A resolution passed at the Episcopal Church’s 2009 General Assembly calling for a “generous pastoral response” towards same-sex couples has quickly led to diocesan-approved same-sex blessings and even marriages. The resolution, C056, “Liturgies for Blessings” called for the church’s Standing Commission on Liturgy and Music to “collect and develop theological and liturgical resources” for the blessing of same gender relationships.
“… bishops, particularly those in dioceses within civil jurisdictions where same-gender marriage, civil unions, or domestic partnerships are legal, may provide generous pastoral response to meet the needs of members of this Church,” the resolution reads.
Media reports have primarily centered upon the other controversial resolution, D025, which effectively rescinded a moratorium on the consecration of new partnered gay bishops.
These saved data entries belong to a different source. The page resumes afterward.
lemma point_path: "k \<le> a + b \<Longrightarrow> point path k = (k - north_count k, north_count k)"
proof -
  assume k: "k \<le> a + b"
  have "length (filter id (take k path)) = card {i. i < k \<and> take k path ! i}"
    using k length_path by (simp add: length_filter_conv_card min_def)
  also have "{i. i < k \<and> take k path ! i} = {i. i < k \<and> path ! i}" by auto
  also have "{i. i < k \<and> path ! i} = (\<lambda>y. row ! y + y) ` {y. y < a \<and> row ! y + y < k}"
    using nth_path k by auto
  also have "card \<dots> = north_count k"
    unfolding north_count_def by (rule card_image) (auto simp: inj_on_def intro: north_pos_inj)
  finally have north: "length (filter id (take k path)) = north_count k" .
  have "length (filter id (take k path)) + length (filter Not (take k path)) = k"
    using sum_length_filter_compl[of id "take k path"] k length_path by simp
  thus ?thesis unfolding point_def using north by simp
qed

lemma level_point_path_nonneg: "k \<le> a + b \<Longrightarrow> 0 \<le> level a b (point path k)"
  using in_Dset length_path unfolding Dset_def by auto

lemma path_coords_mono:
  "k \<le> k' \<Longrightarrow> k - north_count k \<le> k' - north_count k' \<and> north_count k \<le> north_count k'"
proof (induction k' rule: dec_induct)
  case (step j)
  then show ?case using north_count_Suc[of j] north_count_le[of j] by (auto split: if_splits)
qed simp

lemma row_below_east_step: "y < north_count k \<Longrightarrow> row ! y \<le> k - north_count k"
proof -
  assume y: "y < north_count k"
  have top: "north_count k - 1 < a" using north_count_le_a[of k] y by simp
  have "row ! (north_count k - 1) + (north_count k - 1) < k"
    using less_north_count_iff[OF top] y by simp
  moreover have "row ! y \<le> row ! (north_count k - 1)" using row_mono top y by simp
  ultimately show ?thesis using y by simp
qed

context
  fixes k assumes k: "k < a + b" and east: "\<not> path ! k"
begin

lemma east_step_north_count_Suc: "north_count (Suc k) = north_count k"
  using north_count_Suc nth_path k east by simp

lemma east_step_in_row: "north_count k < a \<Longrightarrow> k - north_count k < row ! north_count k"
  using less_north_count_iff[of "north_count k" k] nth_path[OF k] east north_count_le[of k] by auto

lemma east_step_column_lt_b: "k - north_count k < b"
proof (cases "north_count k < a")
  case True
  then show ?thesis using east_step_in_row row_le_b by fastforce
next
  case False
  then show ?thesis using north_count_le_a[of k] north_count_le[of k] k by simp
qed

lemma east_step_sq_level_nonneg: "0 \<le> sq_level a b (point path k)"
proof -
  have "point path (Suc k) = (Suc (k - north_count k), north_count k)"
    using point_path[of "Suc k"] k east_step_north_count_Suc north_count_le[of k] by simp
  thus ?thesis using level_point_path_nonneg[of "Suc k"] point_path[of k] k
    unfolding sq_level_def by simp
qed

end

lemma east_step_column_inj:
  assumes "k1 < a + b" "k2 < a + b" "\<not> path ! k1" "\<not> path ! k2"
    and "k1 - north_count k1 = k2 - north_count k2"
  shows "k1 = k2"
proof -
  have less: "i - north_count i < j - north_count j" if "i < j" "i < a + b" "\<not> path ! i" for i j
    using path_coords_mono[of "Suc i" j] that east_step_north_count_Suc[of i] north_count_le[of i]
    by linarith
  show ?thesis using less[of k1 k2] less[of k2 k1] assms by (cases k1 k2 rule: linorder_cases) auto
qed
lemma lookup_mult_0_if_no_constant_term:
  assumes "Poly_Mapping.lookup (q :: mpoly) 0 = 0"
  shows "Poly_Mapping.lookup (p * q) 0 = 0"
proof -
  have summand_0: "b = 0" if "(0 :: nat \<Rightarrow>\<^sub>0 nat) = a + b" for a b
    by (rule poly_mapping_eqI) (metis add_is_0 lookup_add lookup_zero that)
  have "0 \<notin> Poly_Mapping.keys (p * q)"
  proof
    assume "0 \<in> Poly_Mapping.keys (p * q)"
    then obtain a b where ab: "0 = a + b" and b: "b \<in> Poly_Mapping.keys q"
      using keys_mult by blast
    from ab have "b = 0"
      by (rule summand_0)
    then show False
      using assms b by (simp add: in_keys_iff)
  qed
  then show ?thesis by (simp add: in_keys_iff)
qed

lemma lookup_mult_0: "Poly_Mapping.lookup ((p :: mpoly) * q) 0 = Poly_Mapping.lookup p 0 * Poly_Mapping.lookup q 0"
proof -
  define c d where "c = Poly_Mapping.lookup p 0" and "d = Poly_Mapping.lookup q 0"
  define p' q' where "p' = p - Poly_Mapping.single 0 c" and "q' = q - Poly_Mapping.single 0 d"
  have "Poly_Mapping.lookup p' 0 = 0" "Poly_Mapping.lookup q' 0 = 0"
    by (simp_all add: p'_def q'_def c_def d_def lookup_minus)
  moreover have "p * q = Poly_Mapping.single 0 (c * d) + Poly_Mapping.single 0 c * q'
      + p' * Poly_Mapping.single 0 d + p' * q'"
    by (simp add: p'_def q'_def algebra_simps mult_single)
  ultimately show ?thesis
    by (simp add: lookup_add lookup_mult_0_if_no_constant_term c_def d_def mult.commute[of p'])
qed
While Episcopal elections in the dioceses of Minnesota and Los Angeles have generated attention due to the nominations of actively gay clergy, the effects of C056 may be more far-reaching that D025 (the Diocese of Minnesota did not elect the gay candidate for bishop, the Los Angeles election will be held at their diocesan convention in Riverside, California this weekend.)
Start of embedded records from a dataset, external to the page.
lemma powr_eq_sqrt_power_mult:
  fixes N K \<beta> :: real
  assumes N: "N > 0" and K: "K > 0"
  shows "K powr (- real n / 2) * N powr (1 - real n * \<beta> / 4) = sqrt (N powr (-\<beta>/2) / K) ^ n * N"
proof -
  have "sqrt (N powr (-\<beta>/2) / K) ^ n = (N powr (-\<beta>/2) / K) powr (real n / 2)"
    using N K by (simp add: powr_half_sqrt[symmetric] powr_realpow[symmetric] powr_powr)
  also have "\<dots> = N powr (- real n * \<beta> / 4) / K powr (real n / 2)"
    using N K by (simp add: powr_divide powr_powr mult.commute)
  moreover have "N powr (1 - real n * \<beta> / 4) = N powr (- real n * \<beta> / 4) * N"
    using powr_add[of N "- real n * \<beta> / 4" 1] N by simp
  ultimately show ?thesis
    using K by (simp add: powr_minus_divide)
qed

lemma exponent_le_cube_mass:
  fixes N K c lam \<beta> :: real
  assumes N: "N > 0" and K: "K > 0" and c: "N powr (-\<beta>/2) \<le> c" and lam: "lam > 0"
  shows "(c - N powr (-\<beta>/2)) * K powr (- real n / 2) * N powr (1 - real n * \<beta> / 4) / lam
           \<le> N * ((c - N powr (-\<beta>/2)) * (2 * sqrt (N powr (-\<beta>/2) / K)) ^ n / lam)"
proof -
  have "(c - N powr (-\<beta>/2)) * K powr (- real n / 2) * N powr (1 - real n * \<beta> / 4) / lam
          = N * ((c - N powr (-\<beta>/2)) * sqrt (N powr (-\<beta>/2) / K) ^ n / lam)"
    using powr_eq_sqrt_power_mult[OF N K, of n \<beta>] by (simp add: mult.assoc)
  also have "\<dots> \<le> N * ((c - N powr (-\<beta>/2)) * (2 * sqrt (N powr (-\<beta>/2) / K)) ^ n / lam)"
    using N K c lam by (intro mult_left_mono divide_right_mono power_mono) auto
  finally show ?thesis .
qed

lemma (in prob_space) expectation_max_gap_le_C2:
  fixes X :: "nat \<Rightarrow> 'a \<Rightarrow> real^'d" and f :: "real^'d \<Rightarrow> real"
  assumes C2: "C2 f"
    and nonneg: "\<And>x. f x \<ge> 0"
    and max: "\<And>x. f x \<le> f xstar"
    and Kfin: "bdd_above (range (hess_abs_sum f))"
    and K: "Kconst f > 0"
    and indep: "indep_vars (\<lambda>_. borel) X {1..N}"
    and N: "N \<ge> 1"
    and distr: "\<And>n. n \<in> {1..N} \<Longrightarrow> distributed M lborel (X n) (\<lambda>x. ennreal (f x / lam))"
    and lam: "lam > 0"
    and eps: "0 \<le> \<epsilon>" "\<epsilon> \<le> f xstar"
  shows "(\<integral>\<omega>. \<bar>Max ((\<lambda>n. f (X n \<omega>)) ` {1..N}) - f xstar\<bar>\<^sup>2 \<partial>M)
          \<le> \<epsilon>\<^sup>2 + (f xstar)\<^sup>2
               * exp (- real N * ((f xstar - \<epsilon>) * (2 * sqrt (\<epsilon> / Kconst f)) ^ CARD('d) / lam))"
proof (rule expectation_max_gap_le_exp[OF indep N distr lam _ nonneg max eps])
  show "f \<in> borel_measurable borel"
    using C2 unfolding C2_def by (auto intro: borel_measurable_continuous_onI)
  fix h :: "real^'d" assume "\<And>i. \<bar>h$i\<bar> \<le> sqrt (\<epsilon> / Kconst f)"
  from C2_ge_near_max[OF C2 max Kfin this]
  show "f xstar - \<epsilon> \<le> f (xstar + h)" using K eps by simp
qed (use K eps in \<open>auto intro: divide_nonneg_pos\<close>)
Some revisionist dioceses have conducted unofficial same-sex blessing ceremonies for years. However, bishops in these dioceses usually “looked the other direction” and did not alter official diocesan policy. That changed in 2008, when the Episcopal Bishop of Los Angeles Jon Bruno authorized the use of a rite for the “Sacramental Blessing of a Life-long Covenant” which included same-gender couples.
“While the state will not allow us to officially marry same-sex couples, we believe the same blessing ceremony afforded to men and women should be afforded to same-sex couples,” the new policy said.
A similar policy announced November 16 by the Rt. Rev. Paul V. Marshall, Bishop of Bethlehem (Pennsylvania) also provided for church blessings of same-sex couples.
In a letter to clergy, Marshall wrote that General Convention “empowered bishops to make ‘Generous Provision’ regarding pastoral and liturgical ministry to same-sex couples.”
According to The Living Church magazine, Bishop Marshall said that such blessings should occur in church and that the Holy Eucharist should be celebrated “when that’s appropriate.” Other requirements are similar to those for couples preparing for marriage: One person must be a baptized Christian and the couple should receive counseling.
However, the bishop cautioned his priests not to confuse blessings and marriage rites.
“People whose unions are blessed need to understand that in Pennsylvania they are not married, and that your holding yourself out as doing a ‘marriage’ without a license to perform it is a legal offense,” Bishop Marshall wrote. “So, all questions of theology aside, it is best to avoid the word in this commonwealth and at this time.”
Marshall instructed clergy to use the Book of Common Prayer’s blessing of a civil marriage, with the language “adjusted as necessary”. The Nuptial Blessing is also to be used, and the Holy Eucharist may be celebrated.
Possibly the most significant change has been in the Diocese of Massachusetts, where Bishop M. Thomas Shaw has announced that clergy may, beginning November 29, preside over same-sex marriage ceremonies. Unlike dioceses where only “blessing” ceremonies have been permitted, in Massachusetts the presiding priest can sign marriage licenses and use the word “marriage.” The Episcopal dioceses of Iowa and Vermont also allow their clergy to officiate at marriages.
According to the Boston Globe, Shaw, a longtime supporter of gay rights and same-sex marriage, had previously cited the Episcopal Church’s canons and prayer book in barring local priests from officiating at same-sex marriages, even after such unions became legal in Massachusetts in 2004.
The announcement was preceded in September by the marriage of a lesbian couple at the historic St. Bartholomew’s Episcopal Church in Cambridge, Massachusetts. One of the women, Cambridge Mayor Denise Simmons, said in the Daily Dispatch that the ceremony may have been the “very first” mainstream African-American church “to hold a same-gender wedding, and that’s something that just wouldn’t have happened years ago.”
The ceremony was officiated by Rev. Irene Monroe, a liberal Episcopal minister who is a lesbian herself, while the legal marriage was conducted by a justice of the peace.
The Episcopal Diocese of Maine is one example of a church that has retreated from performing same-gender weddings. Bishop Steven Lane said that after Gov. Baldacci signed Maine’s same-sex marriage law earlier this year, Lane began to work on a set of guidelines for Maine Episcopal clergy to use with legal same-gender marriage. Due to the law’s repeal by a voter referendum, these guidelines will not be distributed.